(* Let $\mathbb F_q$ be a finite field with $q$ elements, let $n\ge 2$, let $a_1,\dots,a_n,b\in\mathbb F_q^*$ and let $k,k_1,\dots,k_n,m_1,\dots,m_n$ be positive integers. Let $N_q$ be the number of solutions $(x_1,\dots,x_n)\in\mathbb F_q^n$ of $$(a_1x_1^{m_1}+\dots+a_nx_n^{m_n})^k=bx_1^{k_1}\cdots x_n^{k_n},$$ let $N_q(0)$ and $N_q^*(0)$ be the numbers of solutions of $a_1x_1^{m_1}+\dots+a_nx_n^{m_n}=0$ in $\mathbb F_q^n$ and in $(\mathbb F_q^* )^n$ respectively, and let $k_0=\gcd(k,k_1,\dots,k_n,q-1)$. If $b$ is not a $k_0$th power in $\mathbb F_q$, then $N_q=N_q(0)-N_q^*(0)$. If $b$ is a $k_0$th power in $\mathbb F_q$, then $$N_q=k_0(q-1)^{n-1}+N_q(0)-\frac{k_0+q-1}{q-1}\,N_q^*(0)+\sum_{\psi^{k_0}\ne\varepsilon}\psi(b)T(\psi),$$ where the sum is over all multiplicative characters $\psi$ of $\mathbb F_q$ whose order does not divide $k_0$.
   Context: $\varepsilon$ denotes the trivial multiplicative character of $\mathbb F_q$. A multiplicative character $\psi$ is extended to $\mathbb F_q$ by $\psi(0)=1$ if $\psi$ is trivial and $\psi(0)=0$ otherwise. For a multiplicative character $\psi$, $$T(\psi)=\frac1{q-1}\sum_{\substack{x_1,\dots,x_n\in\mathbb F_q^*\\ a_1x_1^{m_1}+\dots+a_nx_n^{m_n}\ne0}}\psi^{k_1}(x_1)\cdots\psi^{k_n}(x_n)\,\bar\psi^{k}(a_1x_1^{m_1}+\dots+a_nx_n^{m_n}).$$ *)

theory Defs
  imports Complex_Main "HOL-Library.FuncSet"
begin

text \<open>Multiplicative characters of a finite field, extended to 0 by the convention
  psi(0) = 1 if psi is trivial and psi(0) = 0 otherwise.\<close>
definition mult_char :: "('a::field \<Rightarrow> complex) \<Rightarrow> bool" where
  "mult_char \<psi> \<longleftrightarrow>
     (\<forall>x y. x \<noteq> 0 \<longrightarrow> y \<noteq> 0 \<longrightarrow> \<psi> (x * y) = \<psi> x * \<psi> y) \<and>
     (\<forall>x. x \<noteq> 0 \<longrightarrow> \<psi> x \<noteq> 0) \<and>
     \<psi> 0 = (if (\<forall>x. x \<noteq> 0 \<longrightarrow> \<psi> x = 1) then 1 else 0)"

text \<open>The diagonal form a_1 x_1^{m_1} + ... + a_n x_n^{m_n} (indices 0..n-1).\<close>
definition diag_form :: "nat \<Rightarrow> (nat \<Rightarrow> 'a::field) \<Rightarrow> (nat \<Rightarrow> nat) \<Rightarrow> (nat \<Rightarrow> 'a) \<Rightarrow> 'a" where
  "diag_form n a m x = (\<Sum>i<n. a i * x i ^ m i)"

definition T_sum :: "nat \<Rightarrow> (nat \<Rightarrow> 'a::{field,finite}) \<Rightarrow> (nat \<Rightarrow> nat) \<Rightarrow> (nat \<Rightarrow> nat) \<Rightarrow> nat
    \<Rightarrow> ('a \<Rightarrow> complex) \<Rightarrow> complex" where
  "T_sum n a m kk k \<psi> =
     (1 / (of_nat (card (UNIV :: 'a set)) - 1)) *
     (\<Sum>x \<in> {x \<in> Pi\<^sub>E {..<n} (\<lambda>_. UNIV - {0}). diag_form n a m x \<noteq> 0}.
        (\<Prod>i<n. \<psi> (x i) ^ kk i) * cnj (\<psi> (diag_form n a m x)) ^ k)"

end

theory Submission
  imports Defs "HOL-Algebra.Algebraic_Closure_Type"
begin

text \<open>
  If some coordinate of a solution vanishes, the right-hand side is 0, so these solutions are
  the zeros of the diagonal form \<open>D\<close> with a vanishing coordinate: there are \<open>N0 - N0s\<close> of them.
  On the torus \<open>(F\<^sup>*)\<^sup>n\<close> the equation says \<open>u(x) = b \<Prod> x_i^k_i / D(x)^k = 1\<close>. As \<open>k0\<close>
  divides \<open>k\<close> and every \<open>k_i\<close>, this exhibits \<open>b\<close> as a \<open>k0\<close>-th power, so otherwise the torus
  contributes nothing. In general, \<open>\<psi>(b)\<close> times the summand of \<open>T(\<psi>)\<close> at \<open>x\<close> is \<open>\<psi>(u(x))\<close>,
  so by orthogonality of the \<open>q - 1\<close> characters \<open>\<Sum>\<^sub>\<psi> \<psi>(b) T(\<psi>)\<close> counts the solutions on the
  torus. If \<open>b\<close> is a \<open>k0\<close>-th power, each of the \<open>k0\<close> characters with \<open>\<psi>^k0 = \<epsilon>\<close> is trivial
  on \<open>b\<close> and on every summand of \<open>T(\<psi>)\<close>, contributing \<open>((q - 1)^n - N0s) / (q - 1)\<close>; the
  remaining characters give the stated formula. Characters are parametrised by their value at
  a generator of the cyclic group \<open>F\<^sup>*\<close>, a \<open>(q - 1)\<close>-th root of unity.
\<close>

section \<open>The multiplicative group of a finite field\<close>

lemma power_mod_of_power_eq_1:
  fixes z :: "'b::monoid_mult"
  assumes "z ^ Q = 1"
  shows "z ^ i = z ^ (i mod Q)"
proof -
  have "z ^ i = (z ^ Q) ^ (i div Q) * z ^ (i mod Q)"
    by (simp flip: power_mult power_add)
  then show ?thesis using assms by simp
qed

lemma nat_pow_ring_of_type_algebra:
  "x [^]\<^bsub>ring_of_type_algebra\<^esub> (n::nat) = (x::'a::field) ^ n"
  by (induction n) (simp_all add: ring_of_type_algebra_def)

lemma card_UNIV_field_ge_2: "2 \<le> card (UNIV :: 'a::{field,finite} set)"
  using card_mono[of UNIV "{0, 1::'a}"] by simp

lemma field_power_card_minus_one:
  fixes x :: "'a::{field,finite}"
  assumes "x \<noteq> 0"
  shows "x ^ (card (UNIV :: 'a set) - 1) = 1"
proof -
  interpret field "ring_of_type_algebra :: 'a ring" ..
  have fin: "finite (carrier (ring_of_type_algebra :: 'a ring))" by simp
  \<comment> \<open>Qualified names: \<open>Ring_Divisibility\<close> redeclares \<open>mult_of\<close> and its simplification rules.\<close>
  note group.pow_order_eq_1[OF field_mult_group, of x,
      unfolded Multiplicative_Group.nat_pow_mult_of order_mult_of[OF fin]]
  then show ?thesis
    using assms
    by (simp add: nat_pow_ring_of_type_algebra Coset.order_def) (simp add: ring_of_type_algebra_def)
qed

lemma finite_field_cyclic:
  obtains g :: "'a::{field,finite}" where "UNIV - {0} = range ((^) g)"
proof -
  interpret field "ring_of_type_algebra :: 'a ring" ..
  have "finite (carrier (ring_of_type_algebra :: 'a ring))" by simp
  note finite_field_mult_group_has_gen[OF this, unfolded Multiplicative_Group.carrier_mult_of]
  then obtain g :: 'a where "carrier ring_of_type_algebra - {\<zero>\<^bsub>ring_of_type_algebra\<^esub>}
      = {g [^]\<^bsub>ring_of_type_algebra\<^esub> i | i::nat. i \<in> UNIV}"
    by (elim bexE)
  then have "UNIV - {0} = range ((^) g)"
    unfolding nat_pow_ring_of_type_algebra by (simp add: ring_of_type_algebra_def full_SetCompr_eq)
  then show thesis ..
qed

(Brief): Transcribe all of the entries without alteration.

(Response):
(* Let $\mathbb F_q$ be a finite field with $q$ elements, let $n\ge 2$, let $a_1,\dots,a_n,b\in\mathbb F_q^*$ and let $k,k_1,\dots,k_n,m_1,\dots,m_n$ be positive integers. Let $N_q$ be the number of solutions $(x_1,\dots,x_n)\in\mathbb F_q^n$ of $$(a_1x_1^{m_1}+\dots+a_nx_n^{m_n})^k=bx_1^{k_1}\cdots x_n^{k_n},$$ let $N_q(0)$ and $N_q^*(0)$ be the numbers of solutions of $a_1x_1^{m_1}+\dots+a_nx_n^{m_n}=0$ in $\mathbb F_q^n$ and in $(\mathbb F_q^* )^n$ respectively, and let $k_0=\gcd(k,k_1,\dots,k_n,q-1)$. If $b$ is not a $k_0$th power in $\mathbb F_q$, then $N_q=N_q(0)-N_q^*(0)$. If $b$ is a $k_0$th power in $\mathbb F_q$, then $$N_q=k_0(q-1)^{n-1}+N_q(0)-\frac{k_0+q-1}{q-1}\,N_q^*(0)+\sum_{\psi^{k_0}\ne\varepsilon}\psi(b)T(\psi),$$ where the sum is over all multiplicative characters $\psi$ of $\mathbb F_q$ whose order does not divide $k_0$.
   Context: $\varepsilon$ denotes the trivial multiplicative character of $\mathbb F_q$. A multiplicative character $\psi$ is extended to $\mathbb F_q$ by $\psi(0)=1$ if $\psi$ is trivial and $\psi(0)=0$ otherwise. For a multiplicative character $\psi$, $$T(\psi)=\frac1{q-1}\sum_{\substack{x_1,\dots,x_n\in\mathbb F_q^*\\ a_1x_1^{m_1}+\dots+a_nx_n^{m_n}\ne0}}\psi^{k_1}(x_1)\cdots\psi^{k_n}(x_n)\,\bar\psi^{k}(a_1x_1^{m_1}+\dots+a_nx_n^{m_n}).$$ *)

theory Defs
  imports Complex_Main "HOL-Library.FuncSet"
begin

text \<open>Multiplicative characters of a finite field, extended to 0 by the convention
  psi(0) = 1 if psi is trivial and psi(0) = 0 otherwise.\<close>
definition mult_char :: "('a::field \<Rightarrow> complex) \<Rightarrow> bool" where
  "mult_char \<psi> \<longleftrightarrow>
     (\<forall>x y. x \<noteq> 0 \<longrightarrow> y \<noteq> 0 \<longrightarrow> \<psi> (x * y) = \<psi> x * \<psi> y) \<and>
     (\<forall>x. x \<noteq> 0 \<longrightarrow> \<psi> x \<noteq> 0) \<and>
     \<psi> 0 = (if (\<forall>x. x \<noteq> 0 \<longrightarrow> \<psi> x = 1) then 1 else 0)"

text \<open>The diagonal form a_1 x_1^{m_1} + ... + a_n x_n^{m_n} (indices 0..n-1).\<close>
definition diag_form :: "nat \<Rightarrow> (nat \<Rightarrow> 'a::field) \<Rightarrow> (nat \<Rightarrow> nat) \<Rightarrow> (nat \<Rightarrow> 'a) \<Rightarrow> 'a" where
  "diag_form n a m x = (\<Sum>i<n. a i * x i ^ m i)"

definition T_sum :: "nat \<Rightarrow> (nat \<Rightarrow> 'a::{field,finite}) \<Rightarrow> (nat \<Rightarrow> nat) \<Rightarrow> (nat \<Rightarrow> nat) \<Rightarrow> nat
    \<Rightarrow> ('a \<Rightarrow> complex) \<Rightarrow> complex" where
  "T_sum n a m kk k \<psi> =
     (1 / (of_nat (card (UNIV :: 'a set)) - 1)) *
     (\<Sum>x \<in> {x \<in> Pi\<^sub>E {..<n} (\<lambda>_. UNIV - {0}). diag_form n a m x \<noteq> 0}.
        (\<Prod>i<n. \<psi> (x i) ^ kk i) * cnj (\<psi> (diag_form n a m x)) ^ k)"

end

theory Submission
  imports Defs "HOL-Algebra.Algebraic_Closure_Type"
begin

text \<open>
  If some coordinate of a solution vanishes, the right-hand side is 0, so these solutions are
  the zeros of the diagonal form \<open>D\<close> with a vanishing coordinate: there are \<open>N0 - N0s\<close> of them.
  On the torus \<open>(F\<^sup>*)\<^sup>n\<close> the equation says \<open>u(x) = b \<Prod> x_i^k_i / D(x)^k = 1\<close>. As \<open>k0\<close>
  divides \<open>k\<close> and every \<open>k_i\<close>, this exhibits \<open>b\<close> as a \<open>k0\<close>-th power, so otherwise the torus
  contributes nothing. In general, \<open>\<psi>(b)\<close> times the summand of \<open>T(\<psi>)\<close> at \<open>x\<close> is \<open>\<psi>(u(x))\<close>,
  so by orthogonality of the \<open>q - 1\<close> characters \<open>\<Sum>\<^sub>\<psi> \<psi>(b) T(\<psi>)\<close> counts the solutions on the
  torus. If \<open>b\<close> is a \<open>k0\<close>-th power, each of the \<open>k0\<close> characters with \<open>\<psi>^k0 = \<epsilon>\<close> is trivial
  on \<open>b\<close> and on every summand of \<open>T(\<psi>)\<close>, contributing \<open>((q - 1)^n - N0s) / (q - 1)\<close>; the
  remaining characters give the stated formula. Characters are parametrised by their value at
  a generator of the cyclic group \<open>F\<^sup>*\<close>, a \<open>(q - 1)\<close>-th root of unity.
\<close>

section \<open>The multiplicative group of a finite field\<close>

lemma power_mod_of_power_eq_1:
  fixes z :: "'b::monoid_mult"
  assumes "z ^ Q = 1"
  shows "z ^ i = z ^ (i mod Q)"
proof -
  have "z ^ i = (z ^ Q) ^ (i div Q) * z ^ (i mod Q)"
    by (simp flip: power_mult power_add)
  then show ?thesis using assms by simp
qed

lemma nat_pow_ring_of_type_algebra:
  "x [^]\<^bsub>ring_of_type_algebra\<^esub> (n::nat) = (x::'a::field) ^ n"
  by (induction n) (simp_all add: ring_of_type_algebra_def)

lemma card_UNIV_field_ge_2: "2 \<le> card (UNIV :: 'a::{field,finite} set)"
  using card_mono[of UNIV "{0, 1::'a}"] by simp

lemma field_power_card_minus_one:
  fixes x :: "'a::{field,finite}"
  assumes "x \<noteq> 0"
  shows "x ^ (card (UNIV :: 'a set) - 1) = 1"
proof -
  interpret field "ring_of_type_algebra :: 'a ring" ..
  have fin: "finite (carrier (ring_of_type_algebra :: 'a ring))" by simp
  \<comment> \<open>Qualified names: \<open>Ring_Divisibility\<close> redeclares \<open>mult_of\<close> and its simplification rules.\<close>
  note group.pow_order_eq_1[OF field_mult_group, of x,
      unfolded Multiplicative_Group.nat_pow_mult_of order_mult_of[OF fin]]
  then show ?thesis
    using assms
    by (simp add: nat_pow_ring_of_type_algebra Coset.order_def) (simp add: ring_of_type_algebra_def)
qed

lemma finite_field_cyclic:
  obtains g :: "'a::{field,finite}" where "UNIV - {0} = range ((^) g)"
proof -
  interpret field "ring_of_type_algebra :: 'a ring" ..
  have "finite (carrier (ring_of_type_algebra :: 'a ring))" by simp
  note finite_field_mult_group_has_gen[OF this, unfolded Multiplicative_Group.carrier_mult_of]
  then obtain g :: 'a where "carrier ring_of_type_algebra - {\<zero>\<^bsub>ring_of_type_algebra\<^esub>}
      = {g [^]\<^bsub>ring_of_type_algebra\<^esub> i | i::nat. i \<in> UNIV}"
    by (elim bexE)
  then have "UNIV - {0} = range ((^) g)"
    unfolding nat_pow_ring_of_type_algebra by (simp add: ring_of_type_algebra_def full_SetCompr_eq)
  then show thesis ..
qed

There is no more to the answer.